Tapi bukankah musikal sedikit banyak menyinggung surealisme? Orang-orang mendadak menyanyi bersama, tarian di atas awan selaku ekspresi romantika, semua itu bukan wajah realita. Melalui Annette, Carax ibarat meminjam kebebasan bertutur genrenya, untuk memfasilitasi gaya khas miliknya, guna menghidupkan cerita serta musik buatan Ron Mael dan Russell Mael dari duo rock Sparks (mereka bertiga turut menulis naskah filmnya).
"So may we start?", begitu bunyi lirik lagu pembukanya, yang lalu dijawab oleh polisi patroli dengan singkat, "Don't try to start". Apakah ini sentilan atas "kegemaran" aparat merepresi pernyataan seniman? Entahlah, tapi memang betul, protagonis kita merupakan seniman. Jika Henry (Adam Driver) seorang komika, maka tunangannya, Ann (Marion Cotillard), adalah penyanyi sopran ternama. Hubungan mereka menggemparkan publik. Bahkan media memberi cap "Beauty and the bastard couple".
Tampil mengenakan bathrobe di atas panggung, Henry memancing tawa penonton lewat perangai dan materi yang penuh amarah serta kesedihan. Sementara Ann dipuja karena peran tragis yang menuntutnya selalu mati di akhir pertunjukkan. Mungkin di sinilah Henry mulai merasa, kenapa penderitaannya dipandang sebagai lelucon semata, namun "kematian" Ann justru membuatnya dicintai?
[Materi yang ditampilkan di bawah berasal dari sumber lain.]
(* Let $p, q$ be primes and $n, r \geq 1$ integers such that $p^n < qp^r$, $q$ divides $p^n - 1$, and $p^r$ divides $n$. Then exactly one of the following holds: (1) $p = 2$, $q = 3$, $n = 2$, $r = 1$; (2) $p = 2$, $q = 5$, $n = 4$, $r = 2$; (3) $p > 2$, $q = (p^p - 1)/(p-1)$, $n = p$, $r = 1$. *)

theory Defs
  imports "HOL-Computational_Algebra.Primes"
begin

end

theory Submission
  imports Defs
begin

text \<open>
  Write \<open>n = p * k\<close>, so that \<open>p ^ n - 1 = (p ^ k - 1) * S\<close> with
  \<open>S = \<Sum>i<p. (p ^ k) ^ i < 2 * p ^ (n - k)\<close>. Since \<open>2 * r \<le> p ^ r \<le> n\<close>, the bound
  \<open>q > p ^ (n - r)\<close> rules out \<open>q dvd p ^ k - 1\<close>, so \<open>q\<close> divides \<open>S\<close>, and then
  \<open>p ^ n < q * p ^ r < 2 * p ^ (n - k + r)\<close> forces \<open>k \<le> r\<close>. Hence
  \<open>p ^ r \<le> n = p * k \<le> p * r\<close>, i.e. \<open>p ^ (r - 1) \<le> r\<close>, which leaves only \<open>r = 1\<close>
  or \<open>p = r = 2\<close>, and in both cases \<open>k = r\<close>. Finally \<open>q > p ^ (n - r)\<close> is more
  than half of \<open>S\<close>, so \<open>q = S\<close>.
\<close>

lemma power_diff_1_eq_nat: "(x::nat) ^ m - 1 = (x - 1) * (\<Sum>i<m. x ^ i)"
proof (cases "x = 0")
  case False
  then have "int (x ^ m - 1) = int ((x - 1) * (\<Sum>i<m. x ^ i))"
    by (simp add: of_nat_diff power_diff_1_eq[of "int x"] Suc_leI)
  then show ?thesis by (simp only: of_nat_eq_iff)
qed (simp add: power_0_left)

lemma geometric_sum_less_double:
  fixes x m :: nat
  assumes "2 \<le> x" "1 \<le> m"
  shows "(\<Sum>i<m. x ^ i) < 2 * x ^ (m - 1)"
proof -
  have "(x - 1) * (\<Sum>i<m. x ^ i) = x ^ m - 1"
    by (rule power_diff_1_eq_nat[symmetric])
  also have "\<dots> < x ^ m"
    using assms by simp
  also have "\<dots> = x * x ^ (m - 1)"
    using assms by (simp flip: power_Suc)
  also have "\<dots> \<le> (x - 1) * (2 * x ^ (m - 1))"
    using assms by simp
  finally show ?thesis by simp
qed

lemma double_le_two_power: "2 * r \<le> (2::nat) ^ r" if "1 \<le> r"
  using that by (induction r rule: dec_induct) simp_all

lemma power_pred_le_self_cases:
  fixes p r :: nat
  assumes "2 \<le> p" "1 \<le> r" "p ^ (r - 1) \<le> r"
  shows "r = 1 \<or> r = 2 \<and> p = 2"
proof (rule ccontr)
  assume "\<not> ?thesis"
  then consider "r = 2" "3 \<le> p" | "3 \<le> r" using assms by linarith
  then show False
  proof cases
    case 1 then show False using assms by simp
  next
    case 2
    have "2 * (r - 1) \<le> 2 ^ (r - 1)"
      using 2 by (intro double_le_two_power) simp
    also have "\<dots> \<le> p ^ (r - 1)"
      using assms by (simp add: power_mono)
    finally show False using 2 assms by linarith
  qed
qed

lemma two_le_power: "2 \<le> (p::nat) ^ k" if "2 \<le> p" "1 \<le> k"
  using that self_le_power[of p k] by simp

lemma prime_dvd_geometric_sum:
  fixes p q k r :: nat
  assumes "2 \<le> p" "1 \<le> k" "prime q"
    and "q dvd p ^ (p * k) - 1" "p ^ (p * k) < q * p ^ r" "2 * r \<le> p * k"
  shows "q dvd (\<Sum>i<p. (p ^ k) ^ i)"
proof -
  have "p ^ (p * k) - 1 = (p ^ k - 1) * (\<Sum>i<p. (p ^ k) ^ i)"
    by (metis power_mult mult.commute power_diff_1_eq_nat)
  then have "q dvd p ^ k - 1 \<or> q dvd (\<Sum>i<p. (p ^ k) ^ i)"
    using assms(3,4) by (simp add: prime_dvd_mult_iff)
  moreover have "\<not> q dvd p ^ k - 1"
  proof
    assume "q dvd p ^ k - 1"
    moreover have "0 < p ^ k - 1"
      using two_le_power[OF assms(1,2)] by simp
    ultimately have "q \<le> p ^ k - 1"
      by (rule dvd_imp_le)
    then have "q < p ^ k"
      using \<open>0 < p ^ k - 1\<close> by linarith
    then have "q * p ^ r < p ^ k * p ^ r"
      using assms(1) by simp
    then have "p ^ (p * k) < p ^ (k + r)"
      using assms(5) unfolding power_add by linarith
    then have "p * k < k + r"
      using assms(1) by simp
    moreover have "2 * k \<le> p * k"
      using assms(1) by simp
    ultimately show False
      using assms(6) by linarith
  qed
  ultimately show ?thesis by blast
qed

lemma exponent_le_of_dvd_geometric_sum:
  fixes p q k r :: nat
  assumes "2 \<le> p" "1 \<le> k"
    and "q dvd (\<Sum>i<p. (p ^ k) ^ i)" "p ^ (p * k) < q * p ^ r"
  shows "k \<le> r"
proof (rule ccontr)
  assume "\<not> k \<le> r"
  then have exponent: "k * (p - 1) + r \<le> p * k - 1"
    using assms(1) by (simp add: diff_mult_distrib2 mult.commute)
  have "0 < (\<Sum>i<p. (p ^ k) ^ i)"
    using assms(1) by (simp add: sum_pos2[where i=0])
  then have "q \<le> (\<Sum>i<p. (p ^ k) ^ i)"
    using assms(3) by (simp add: dvd_imp_le)
  also have "\<dots> < 2 * (p ^ k) ^ (p - 1)"
    using assms(1) two_le_power[OF assms(1,2)] by (intro geometric_sum_less_double) simp_all
  finally have q_less: "q < 2 * (p ^ k) ^ (p - 1)" .
  have "p ^ (p * k) < q * p ^ r"
    by (fact assms(4))
  also have "\<dots> < 2 * (p ^ k) ^ (p - 1) * p ^ r"
    using assms(1) q_less by simp
  also have "\<dots> = 2 * p ^ (k * (p - 1) + r)"
    by (simp add: power_add power_mult)
  also have "\<dots> \<le> p * p ^ (p * k - 1)"
    using assms(1) exponent by (intro mult_mono power_increasing) simp_all
  also have "\<dots> = p ^ (p * k)"
    using assms(1,2) by (cases "p * k") simp_all
  finally show False by simp
qed

lemma dvd_geometric_sum_eq:
  fixes x m q :: nat
  assumes "2 \<le> x" "1 \<le> m" "q dvd (\<Sum>i<m. x ^ i)" "x ^ (m - 1) < q"
  shows "q = (\<Sum>i<m. x ^ i)"
proof -
  obtain c where c: "(\<Sum>i<m. x ^ i) = q * c"
    using assms(3) by blast
  have "0 < (\<Sum>i<m. x ^ i)"
    using assms(2) by (simp add: sum_pos2[where i=0])
  with c have "c \<noteq> 0" by auto
  moreover have "c < 2"
  proof (rule ccontr)
    assume "\<not> c < 2"
    then have "2 * q \<le> (\<Sum>i<m. x ^ i)"
      using c by simp
    with geometric_sum_less_double[OF assms(1,2)] assms(4) show False by simp
  qed
  ultimately show ?thesis
    using c by simp
qed

lemma exponents_of_prime_dvd_power_diff_1:
  fixes p q n r :: nat
  assumes "prime p" "prime q" "1 \<le> n" "1 \<le> r"
    and "p ^ n < q * p ^ r" "q dvd p ^ n - 1" "p ^ r dvd n"
  shows "n = p * r \<and> (r = 1 \<or> r = 2 \<and> p = 2) \<and> q dvd (\<Sum>i<p. (p ^ r) ^ i)"
proof -
  have p: "2 \<le> p"
    using assms(1) prime_ge_2_nat by blast
  have "p dvd p ^ r"
    using assms(4) by simp
  then have "p dvd n"
    using assms(7) by (rule dvd_trans)
  then obtain k where n: "n = p * k"
    by (rule dvdE)
  have "2 * r \<le> 2 ^ r"
    using assms(4) by (rule double_le_two_power)
  also have "\<dots> \<le> p ^ r"
    using p by (simp add: power_mono)
  also have "p ^ r \<le> n"
    using assms(3,7) by (simp add: dvd_imp_le)
  finally have r_le: "2 * r \<le> p * k"
    unfolding n .
  have k: "1 \<le> k"
    using assms(3) n by (cases k) simp_all
  have q_dvd: "q dvd (\<Sum>i<p. (p ^ k) ^ i)"
    using prime_dvd_geometric_sum[OF p k assms(2)] assms(5,6) r_le n by simp
  have "k \<le> r"
    using exponent_le_of_dvd_geometric_sum[OF p k q_dvd] assms(5) n by simp
  have "p * p ^ (r - 1) = p ^ r"
    using assms(4) by (simp flip: power_Suc)
  also have "\<dots> \<le> p * k"
    using \<open>p ^ r \<le> n\<close> n by simp
  also have "\<dots> \<le> p * r"
    using \<open>k \<le> r\<close> by simp
  finally have r_cases: "r = 1 \<or> r = 2 \<and> p = 2"
    using power_pred_le_self_cases[OF p assms(4)] p by simp
  moreover have "k = r"
    using r_cases
  proof
    assume "r = 2 \<and> p = 2"
    then show ?thesis
      using \<open>p ^ r \<le> n\<close> n \<open>k \<le> r\<close> by simp
  qed (use k \<open>k \<le> r\<close> in simp)
  ultimately show ?thesis
    using n q_dvd by simp
qed

theorem lemma6:
  fixes p q n r :: nat
  assumes "prime p" and "prime q" and "n \<ge> 1" and "r \<ge> 1"
    and "p ^ n < q * p ^ r"
    and "q dvd p ^ n - 1"
    and "p ^ r dvd n"
  shows "let C1 = (p = 2 \<and> q = 3 \<and> n = 2 \<and> r = 1);
             C2 = (p = 2 \<and> q = 5 \<and> n = 4 \<and> r = 2);
             C3 = (p > 2 \<and> q = (p ^ p - 1) div (p - 1) \<and> n = p \<and> r = 1)
         in (C1 \<and> \<not> C2 \<and> \<not> C3) \<or> (\<not> C1 \<and> C2 \<and> \<not> C3) \<or> (\<not> C1 \<and> \<not> C2 \<and> C3)"
proof -
  have p: "2 \<le> p"
    using assms(1) prime_ge_2_nat by blast
  obtain n_eq: "n = p * r" and r_cases: "r = 1 \<or> r = 2 \<and> p = 2"
    and q_dvd: "q dvd (\<Sum>i<p. (p ^ r) ^ i)"
    using exponents_of_prime_dvd_power_diff_1[OF assms] by blast
  have "(p ^ r) ^ (p - 1) * p ^ r = (p ^ r) ^ p"
    using p by (cases p) (simp_all add: mult.commute)
  also have "\<dots> = p ^ n"
    using n_eq by (simp add: power_mult mult.commute[of p r])
  also have "\<dots> < q * p ^ r"
    by (fact assms(5))
  finally have "(p ^ r) ^ (p - 1) < q"
    by simp
  then have q: "q = (\<Sum>i<p. (p ^ r) ^ i)"
    using dvd_geometric_sum_eq[OF two_le_power[OF p assms(4)]] p q_dvd by simp
  from r_cases show ?thesis
  proof
    assume "r = 1"
    moreover have "(p ^ p - 1) div (p - 1) = (\<Sum>i<p. p ^ i)"
      unfolding power_diff_1_eq_nat using p by simp
    ultimately show ?thesis
      using n_eq q p by (cases "p = 2") (simp_all add: Let_def eval_nat_numeral)
  next
    assume "r = 2 \<and> p = 2"
    then show ?thesis
      using n_eq q by (simp add: Let_def eval_nat_numeral)
  qed
qed

end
Bahkan setelah kelahiran puteri mereka, Annette (diperankan boneka creepy, karena di luar pilihan estetik, nantinya banyak hal ekstrim harus dilalui si bayi), kegelisahan Henry malah membesar. Ketika popularitas Ann konsisten menanjak, karir Henry justru menukik akibat tendensinya menggila di atas panggung.
Saya takkan membocorkan kejadian berikutnya, kecuali bahwa semakin jauh anda memasuki labirin berdurasi 140 menit ini, keanehan khas Leos Carax juga semakin kental. Durasi tersebut terlampau panjang? Mungkin, dan dibanding karya sang sutradara sebelumnya, fokus Annette cenderung kurang terjaga. Bila di Holy Motors Carax menelusuri sebuah gagasan, kali ini ada beberapa.
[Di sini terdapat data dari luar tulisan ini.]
lemma moeb_act_hplane_eq:
  fixes z :: complex and t :: real
  assumes det: "mat_det (al, be, ga, de) = 1" and "t > 0"
  defines "N \<equiv> (cmod (ga * z + de))\<^sup>2 + (cmod ga)\<^sup>2 * t\<^sup>2"
  shows "snd (moeb_act (al, be, ga, de) (z, t)) = t / N"
    and "hplane_eq A (fst (moeb_act (al, be, ga, de) (z, t))) (snd (moeb_act (al, be, ga, de) (z, t)))
       = hplane_eq (pullback A (al, be, ga, de)) z t / N"
proof -
  have "N > 0"
    unfolding N_def using assms(1,2) by (rule moeb_act_denominator_pos)
  define W where "W = (al * z + be) * cnj (ga * z + de) + al * cnj ga * complex_of_real (t\<^sup>2)"
  define N' where "N' = (cmod (al * z + be))\<^sup>2 + (cmod al)\<^sup>2 * t\<^sup>2"
  have act: "moeb_act (al, be, ga, de) (z, t) = (W / complex_of_real N, t / N)"
    unfolding moeb_act_def W_def N_def by (simp add: Let_def)
  then show "snd (moeb_act (al, be, ga, de) (z, t)) = t / N"
    by simp
  have norms: "(cmod W)\<^sup>2 + t\<^sup>2 = N * N'"
    using moeb_act_norm_identity[where al = al and be = be and ga = ga and de = de and z = z and t = t] det
    unfolding W_def N_def N'_def by simp
  obtain a B c where A: "A = (a, B, c)"
    by (cases A)
  have "hplane_eq A (W / complex_of_real N) (t / N)
      = a * (((cmod W)\<^sup>2 + t\<^sup>2) / N\<^sup>2) + 2 * (Re (B * W) / N) + c"
    using \<open>N > 0\<close>
    by (simp add: A hplane_eq_def norm_divide Re_divide_of_real power_divide add_divide_distrib)
  also have "\<dots> = (a * N' + 2 * Re (B * W) + c * N) / N"
    unfolding norms using \<open>N > 0\<close> by (simp add: field_simps power2_eq_square)
  also have "a * N' + 2 * Re (B * W) + c * N = hplane_eq (pullback A (al, be, ga, de)) z t"
    unfolding A hplane_eq_pullback_expand N'_def W_def N_def ..
  finally show "hplane_eq A (fst (moeb_act (al, be, ga, de) (z, t))) (snd (moeb_act (al, be, ga, de) (z, t)))
       = hplane_eq (pullback A (al, be, ga, de)) z t / N"
    using act by simp
qed

lemma moeb_act_H3:
  assumes "mat_det g = 1" and "P \<in> H3"
  shows "moeb_act g P \<in> H3"
proof -
  obtain al be ga de z t where g: "g = (al, be, ga, de)" and P: "P = (z, t)"
    by (cases g, cases P)
  with assms have "t > 0"
    by (simp add: H3_def)
  with moeb_act_hplane_eq(1)[OF assms(1)[unfolded g] \<open>t > 0\<close>, where z = z]
    moeb_act_denominator_pos[OF assms(1)[unfolded g] \<open>t > 0\<close>, where z = z]
  show ?thesis
    by (simp add: g P H3_def case_prod_beta)
qed
lemma sum_mult_choose_sum_sq:
  assumes n: "n \<ge> 2"
  defines "\<alpha> \<equiv> (\<Sum>e\<in>Kn_edges n. \<Sum>f\<in>Kn_edges n. (trees_with n e f / card (spanning_trees n))\<^sup>2)"
    and "\<gamma> \<equiv> real (n choose 2) * (2 / real n)\<^sup>2"
  shows "(\<Sum>Ts\<in>tree_tuple_set k n. (mult_choose_sum 2 k n Ts)\<^sup>2) = card (tree_tuple_set k n) *
    (real (k choose 2) * \<alpha> + (real (k choose 2) * real (k choose 2) - real (k choose 2)) * \<gamma>\<^sup>2)"
proof -
  define P where "P = index_sets k 2"
  define c where "c = real (card (tree_tuple_set k n))"
  have inner: "(\<Sum>J'\<in>P. \<Sum>Ts\<in>tree_tuple_set k n. common_edges n J Ts * common_edges n J' Ts)
      = c * \<alpha> + (real (card P) - 1) * (c * \<gamma>\<^sup>2)" if J: "J \<in> P" for J
  proof -
    have "(\<Sum>J'\<in>P. \<Sum>Ts\<in>tree_tuple_set k n. common_edges n J Ts * common_edges n J' Ts)
        = (\<Sum>Ts\<in>tree_tuple_set k n. (common_edges n J Ts)\<^sup>2)
          + (\<Sum>J'\<in>P - {J}. \<Sum>Ts\<in>tree_tuple_set k n. common_edges n J Ts * common_edges n J' Ts)"
      using J finite_index_sets by (simp add: sum.remove P_def power2_eq_square)
    also have "(\<Sum>Ts\<in>tree_tuple_set k n. (common_edges n J Ts)\<^sup>2) = c * \<alpha>"
      using sum_common_edges_sq[OF n] J by (simp add: P_def c_def \<alpha>_def)
    also have "(\<Sum>J'\<in>P - {J}. \<Sum>Ts\<in>tree_tuple_set k n. common_edges n J Ts * common_edges n J' Ts)
        = (\<Sum>J'\<in>P - {J}. c * \<gamma>\<^sup>2)"
    proof (rule sum.cong[OF refl])
      fix J' assume J': "J' \<in> P - {J}"
      then have "J \<noteq> J'"
        by blast
      with J J' show "(\<Sum>Ts\<in>tree_tuple_set k n. common_edges n J Ts * common_edges n J' Ts) = c * \<gamma>\<^sup>2"
        using sum_common_edges_distinct[OF n, of J k J'] by (simp add: P_def c_def \<gamma>_def)
    qed
    moreover have "card P > 0"
      using J finite_index_sets[of k 2] by (auto simp: P_def card_gt_0_iff)
    ultimately show ?thesis
      using J finite_index_sets by (simp add: of_nat_diff)
  qed
  have "(\<Sum>Ts\<in>tree_tuple_set k n. (mult_choose_sum 2 k n Ts)\<^sup>2)
      = (\<Sum>Ts\<in>tree_tuple_set k n. \<Sum>J\<in>P. \<Sum>J'\<in>P. common_edges n J Ts * common_edges n J' Ts)"
    unfolding mult_choose_sum_eq power2_eq_square sum_product P_def by simp
  also have "\<dots> = (\<Sum>J\<in>P. \<Sum>J'\<in>P. \<Sum>Ts\<in>tree_tuple_set k n. common_edges n J Ts * common_edges n J' Ts)"
    by (simp add: sum.swap[of _ "tree_tuple_set k n"])
  also have "\<dots> = (\<Sum>J\<in>P. c * \<alpha> + (real (card P) - 1) * (c * \<gamma>\<^sup>2))"
    using inner by simp
  finally show ?thesis
    by (simp add: P_def c_def card_index_sets algebra_simps)
qed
Ambisius, dan pastinya, pretensius. Persoalan seperti "life imitates art", male insecurity, hingga proses anak memerdekakan diri dari orang tua guna menjadi individu yang utuh, bisa dipresentasikan menggunakan gaya yang lebih mudah diakses. Tapi pilihan gaya juga merupakan wujud kemerdekaan estetika sang sutradara. Dan kalau anda seperti saya yang mengagumi keabsurdan Holy Motors, Annette punya pesona yang sukar ditampik.
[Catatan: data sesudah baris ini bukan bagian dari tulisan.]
lemma maximal_pair_direction:
  assumes ij: "i \<in> {1..N}" "j \<in> {1..N}" "d_v N v t = norm (v i t - v j t)" and k: "k \<in> {1..N}"
  shows "sgn (v i t - v j t) \<bullet> (v k t - v i t) \<le> 0" "(- sgn (v i t - v j t)) \<bullet> (v k t - v j t) \<le> 0"
proof -
  define e where "e = sgn (v i t - v j t)"
  have gap: "e \<bullet> (v i t - v j t) = d_v N v t"
    unfolding e_def ij(3) by (rule sgn_inner_self)
  have "e \<bullet> (v l t - v m t) \<le> d_v N v t" if "l \<in> {1..N}" "m \<in> {1..N}" for l m
  proof -
    have "e \<bullet> (v l t - v m t) \<le> norm e * norm (v l t - v m t)"
      by (rule norm_cauchy_schwarz)
    also have "\<dots> \<le> 1 * d_v N v t"
      unfolding e_def using norm_v_diff_le_d_v[OF that]
      by (intro mult_mono) (auto simp: norm_sgn)
    finally show ?thesis by simp
  qed
  from this[OF k ij(2)] this[OF ij(1) k] gap
  show "e \<bullet> (v k t - v i t) \<le> 0" "(- e) \<bullet> (v k t - v j t) \<le> 0"
    by (simp_all add: inner_diff_right)
qed

lemma d_v_derivative_eq:
  assumes t: "0 < t" and D: "(d_v N v has_real_derivative D) (at t)"
    and ij: "i \<in> {1..N}" "j \<in> {1..N}" "d_v N v t = norm (v i t - v j t)" "v i t \<noteq> v j t"
  shows "D = sgn (v i t - v j t) \<bullet> (dv i t - dv j t)"
proof -
  have "((\<lambda>s. norm (v i s - v j s)) has_real_derivative
      (dv i t - dv j t) \<bullet> sgn (v i t - v j t)) (at t)"
    using t ij by (intro has_real_derivative_norm has_vector_derivative_diff v_has_vector_derivative) auto
  from DERIV_eq_if_touching[OF this D] show ?thesis
    using norm_v_diff_le_d_v ij by (simp add: inner_commute)
qed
Sebenarnya, ditinjau dari kacamata konvensional pun, film ini adalah musikal yang cukup mumpuni. Lagu-lagu opera rock catchy, hingga sekuen musikal imajinatif (adegan "kapal diterjang badai" yang jadi materi posternya menghasilkan sebuah tragedi bernuansa masif nan dramatis), semua bisa ditemukan. Di jajaran pemain, Driver dan Cotillard lebih dari sebatas alat penyampai ide (kerap terjadi pada banyak sajian sureal). Khususnya Driver, yang menangani hampir segala situasi (dan emosi) dengan tingkat intensitas 200%.